_TASK DESCRIPTION_
When the line containing "unfolding crossing_pairing_def using" is found in the data below, copy it and each line after it through the line containing "proof (intro CollectI conjI range ballI)", exactly and with no others.

(Collected data entries)
lemma crossing_partner:
  assumes pp: "pair_partition k \<pi>" and cr: "crossing k \<pi>"
  shows "crossing_pairing k (partner \<pi>)"
proof -
  obtain a b c d where abcd: "1 \<le> a" "a < b" "b < c" "c < d" "d \<le> k" "{a, c} \<in> \<pi>" "{b, d} \<in> \<pi>"
    using cr unfolding crossing_def by blast
  then have "partner \<pi> a = c" "partner \<pi> b = d"
    by (auto intro: partner_eq[OF pp])
  then show ?thesis
    unfolding crossing_pairing_def using abcd by blast
qed

lemma E_set_subset_pairing_tuples:
  assumes pp: "pair_partition k \<pi>"
  shows "E_set R N k \<pi> \<subseteq> pairing_tuples R N k (partner \<pi>)"
proof
  fix i assume "i \<in> E_set R N k \<pi>"
  then have range: "i \<in> {1..k} \<rightarrow>\<^sub>E {1..N}"
    and related: "\<And>l m. l \<in> {1..k} \<Longrightarrow> m \<in> {1..k} \<Longrightarrow>
      (\<exists>B\<in>\<pi>. l \<in> B \<and> m \<in> B) \<longleftrightarrow> ((i l, i (cyc_next k l)), (i m, i (cyc_next k m))) \<in> R N"
    unfolding E_set_def by auto
  show "i \<in> pairing_tuples R N k (partner \<pi>)"
    unfolding pairing_tuples_def
  proof (intro CollectI conjI range ballI)
    fix l assume l: "l \<in> {1..k}"
    have "\<exists>B\<in>\<pi>. l \<in> B \<and> partner \<pi> l \<in> B"
      using partner_block(2)[OF pp l] by blast
    then show "((i l, i (cyc_next k l)), (i (partner \<pi> l), i (cyc_next k (partner \<pi> l)))) \<in> R N"
      using related[OF l partner_block(3)[OF pp l]] by blast
  qed
qed
lemma expectation_count_outside:
  assumes "finite P" "P \<noteq> {}"
  shows "measure_pmf.expectation (sample_pmf P m) (\<lambda>f. real (count_outside Q m f)) =
    real m * real (card (P - Q)) / real (card P)"
proof -
  have "measure_pmf.expectation (sample_pmf P m) (\<lambda>f. indicator (- Q) (f i) :: real) =
      real (card (P - Q)) / real (card P)" if "i < m" for i
  proof -
    have "map_pmf (\<lambda>f. f i) (sample_pmf P m) = pmf_of_set P"
      using that by (simp add: sample_pmf_def Pi_pmf_component)
    have "measure_pmf.expectation (sample_pmf P m) (\<lambda>f. indicator (- Q) (f i) :: real) =
        measure_pmf.expectation (map_pmf (\<lambda>f. f i) (sample_pmf P m)) (indicator (- Q))"
      by (simp only: integral_map_pmf)
    also have "\<dots> = measure_pmf.prob (pmf_of_set P) (- Q)"
      using \<open>map_pmf (\<lambda>f. f i) (sample_pmf P m) = pmf_of_set P\<close> by simp
    also have "\<dots> = real (card (P - Q)) / real (card P)"
      using assms by (simp add: measure_pmf_of_set Diff_eq)
    finally show ?thesis .
  qed
  moreover have "integrable (sample_pmf P m) h" for h :: "_ \<Rightarrow> real"
    by (rule integrable_measure_pmf_finite[OF finite_set_sample_pmf[OF assms]])
  ultimately show ?thesis
    by (simp add: count_outside_eq_sum Bochner_Integration.integral_sum)
qed

lemma prob_hits_clusters_Suc:
  assumes "finite P" "P \<noteq> {}" "Q \<subseteq> P"
  shows "measure_pmf.prob (sample_pmf P (Suc m)) {f. hits_clusters Q asg (Suc m) J f} =
    ((\<Sum>x\<in>Q. measure_pmf.prob (sample_pmf P m) {f. hits_clusters Q asg m (J - {asg x}) f}) +
      real (card (P - Q)) * measure_pmf.prob (sample_pmf P m) {f. hits_clusters Q asg m J f})
    / real (card P)"
  by (rule prob_sample_pmf_Suc_split[OF assms]) (auto simp: hits_clusters_Suc)

lemma prob_count_outside_le_Suc:
  assumes "finite P" "P \<noteq> {}" "Q \<subseteq> P"
  shows "measure_pmf.prob (sample_pmf P (Suc m)) {f. count_outside Q (Suc m) f \<le> t} =
    (real (card Q) * measure_pmf.prob (sample_pmf P m) {f. count_outside Q m f \<le> t} +
      real (card (P - Q)) * measure_pmf.prob (sample_pmf P m) {f. count_outside Q m f + 1 \<le> t})
    / real (card P)"
  by (subst prob_sample_pmf_Suc_split[OF assms,
        where F = "\<lambda>_. measure_pmf.prob (sample_pmf P m) {f. count_outside Q m f \<le> t}"])
    (auto simp: count_outside_Suc)

lemma prob_hits_clusters_count_outside_le_Suc:
  assumes "finite P" "P \<noteq> {}" "Q \<subseteq> P"
  shows "measure_pmf.prob (sample_pmf P (Suc m))
      {f. hits_clusters Q asg (Suc m) J f \<and> count_outside Q (Suc m) f \<le> t} =
    ((\<Sum>x\<in>Q. measure_pmf.prob (sample_pmf P m)
        {f. hits_clusters Q asg m (J - {asg x}) f \<and> count_outside Q m f \<le> t}) +
      real (card (P - Q)) * measure_pmf.prob (sample_pmf P m)
        {f. hits_clusters Q asg m J f \<and> count_outside Q m f + 1 \<le> t})
    / real (card P)"
  by (rule prob_sample_pmf_Suc_split[OF assms]) (auto simp: hits_clusters_Suc count_outside_Suc)

text \<open>The induction step of Harris' inequality below: the last sample lands in Q with weight q
  and outside with weight r, and both events are at least as likely after a landing in Q.\<close>

lemma mixture_product_le:
  fixes S a b0 b1 c0 c1 q r :: real
  assumes "r \<ge> 0" "q + r > 0"
    and "S \<ge> q * a" "b1 \<ge> b0" "c1 \<ge> S * b1" "c0 \<ge> a * b0"
  shows "(S + r * a) / (q + r) * ((q * b1 + r * b0) / (q + r)) \<le> (c1 + r * c0) / (q + r)"
proof -
  have "(S + r * a) * (q * b1 + r * b0) = (q + r) * (S * b1 + r * (a * b0)) - r * (b1 - b0) * (S - q * a)"
    by (simp add: algebra_simps)
  also have "\<dots> \<le> (q + r) * (S * b1 + r * (a * b0))"
    using assms by simp
  also have "\<dots> \<le> (q + r) * (c1 + r * c0)"
    using assms by (intro mult_left_mono add_mono) auto
  finally have "(S + r * a) * (q * b1 + r * b0) \<le> (q + r) * (c1 + r * c0)" .
  then have "(S + r * a) * (q * b1 + r * b0) / ((q + r) * (q + r)) \<le> (q + r) * (c1 + r * c0) / ((q + r) * (q + r))"
    using assms(2) by (intro divide_right_mono) auto
  then show ?thesis using assms(2) by simp
qed

lemma hits_clusters_count_outside_correlated:
  assumes "finite P" "P \<noteq> {}" "Q \<subseteq> P"
  shows "measure_pmf.prob (sample_pmf P m) {f. hits_clusters Q asg m J f} *
           measure_pmf.prob (sample_pmf P m) {f. count_outside Q m f \<le> t}
         \<le> measure_pmf.prob (sample_pmf P m) {f. hits_clusters Q asg m J f \<and> count_outside Q m f \<le> t}"
proof (induction m arbitrary: J t)
  case 0
  then show ?case by (simp add: prob_sample_pmf_0)
next
  case (Suc m)
  let ?Pr = "measure_pmf.prob (sample_pmf P m)"
  define a where "a J = ?Pr {f. hits_clusters Q asg m J f}" for J
  define b where "b t = ?Pr {f. count_outside Q m f \<le> t}" for t
  define c where "c J t = ?Pr {f. hits_clusters Q asg m J f \<and> count_outside Q m f \<le> t}" for J t
  define b0 where "b0 = ?Pr {f. count_outside Q m f + 1 \<le> t}"
  define c0 where "c0 = ?Pr {f. hits_clusters Q asg m J f \<and> count_outside Q m f + 1 \<le> t}"
  define S where "S = (\<Sum>x\<in>Q. a (J - {asg x}))"
  have card_P: "real (card P) = real (card Q) + real (card (P - Q))"
    using assms by (simp add: card_Diff_subset card_mono finite_subset)
  have card_P_pos: "real (card Q) + real (card (P - Q)) > 0"
    using assms by (simp flip: card_P add: card_gt_0_iff)
  have hit: "measure_pmf.prob (sample_pmf P (Suc m)) {f. hits_clusters Q asg (Suc m) J f}
      = (S + real (card (P - Q)) * a J) / real (card P)"
    unfolding S_def a_def by (rule prob_hits_clusters_Suc[OF assms])
  have few: "measure_pmf.prob (sample_pmf P (Suc m)) {f. count_outside Q (Suc m) f \<le> t}
      = (real (card Q) * b t + real (card (P - Q)) * b0) / real (card P)"
    unfolding b_def b0_def by (rule prob_count_outside_le_Suc[OF assms])
  have both: "measure_pmf.prob (sample_pmf P (Suc m))
        {f. hits_clusters Q asg (Suc m) J f \<and> count_outside Q (Suc m) f \<le> t}
      = ((\<Sum>x\<in>Q. c (J - {asg x}) t) + real (card (P - Q)) * c0) / real (card P)"
    unfolding c_def c0_def by (rule prob_hits_clusters_count_outside_le_Suc[OF assms])
  have "real (card Q) * a J \<le> S"
    unfolding S_def a_def
    by (rule sum_bounded_below, rule measure_pmf.finite_measure_mono) (auto intro: hits_clusters_antimono)
  moreover have "b0 \<le> b t"
    unfolding b_def b0_def by (rule measure_pmf.finite_measure_mono) auto
  moreover have "S * b t \<le> (\<Sum>x\<in>Q. c (J - {asg x}) t)"
    unfolding S_def sum_distrib_right a_def b_def c_def by (intro sum_mono Suc.IH)
  moreover have "a J * b0 \<le> c0"
  proof (cases t)
    case 0
    then show ?thesis by (simp add: c0_def b0_def)
  next
    case (Suc t')
    then show ?thesis using Suc.IH[of J t'] by (simp add: a_def b0_def c0_def)
  qed
  ultimately show ?case
    unfolding hit few both card_P
    by (intro mixture_product_le card_P_pos) auto
qed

_SOLVED EXERCISE_
    unfolding crossing_pairing_def using abcd by blast
qed

lemma E_set_subset_pairing_tuples:
  assumes pp: "pair_partition k \<pi>"
  shows "E_set R N k \<pi> \<subseteq> pairing_tuples R N k (partner \<pi>)"
proof
  fix i assume "i \<in> E_set R N k \<pi>"
  then have range: "i \<in> {1..k} \<rightarrow>\<^sub>E {1..N}"
    and related: "\<And>l m. l \<in> {1..k} \<Longrightarrow> m \<in> {1..k} \<Longrightarrow>
      (\<exists>B\<in>\<pi>. l \<in> B \<and> m \<in> B) \<longleftrightarrow> ((i l, i (cyc_next k l)), (i m, i (cyc_next k m))) \<in> R N"
    unfolding E_set_def by auto
  show "i \<in> pairing_tuples R N k (partner \<pi>)"
    unfolding pairing_tuples_def
  proof (intro CollectI conjI range ballI)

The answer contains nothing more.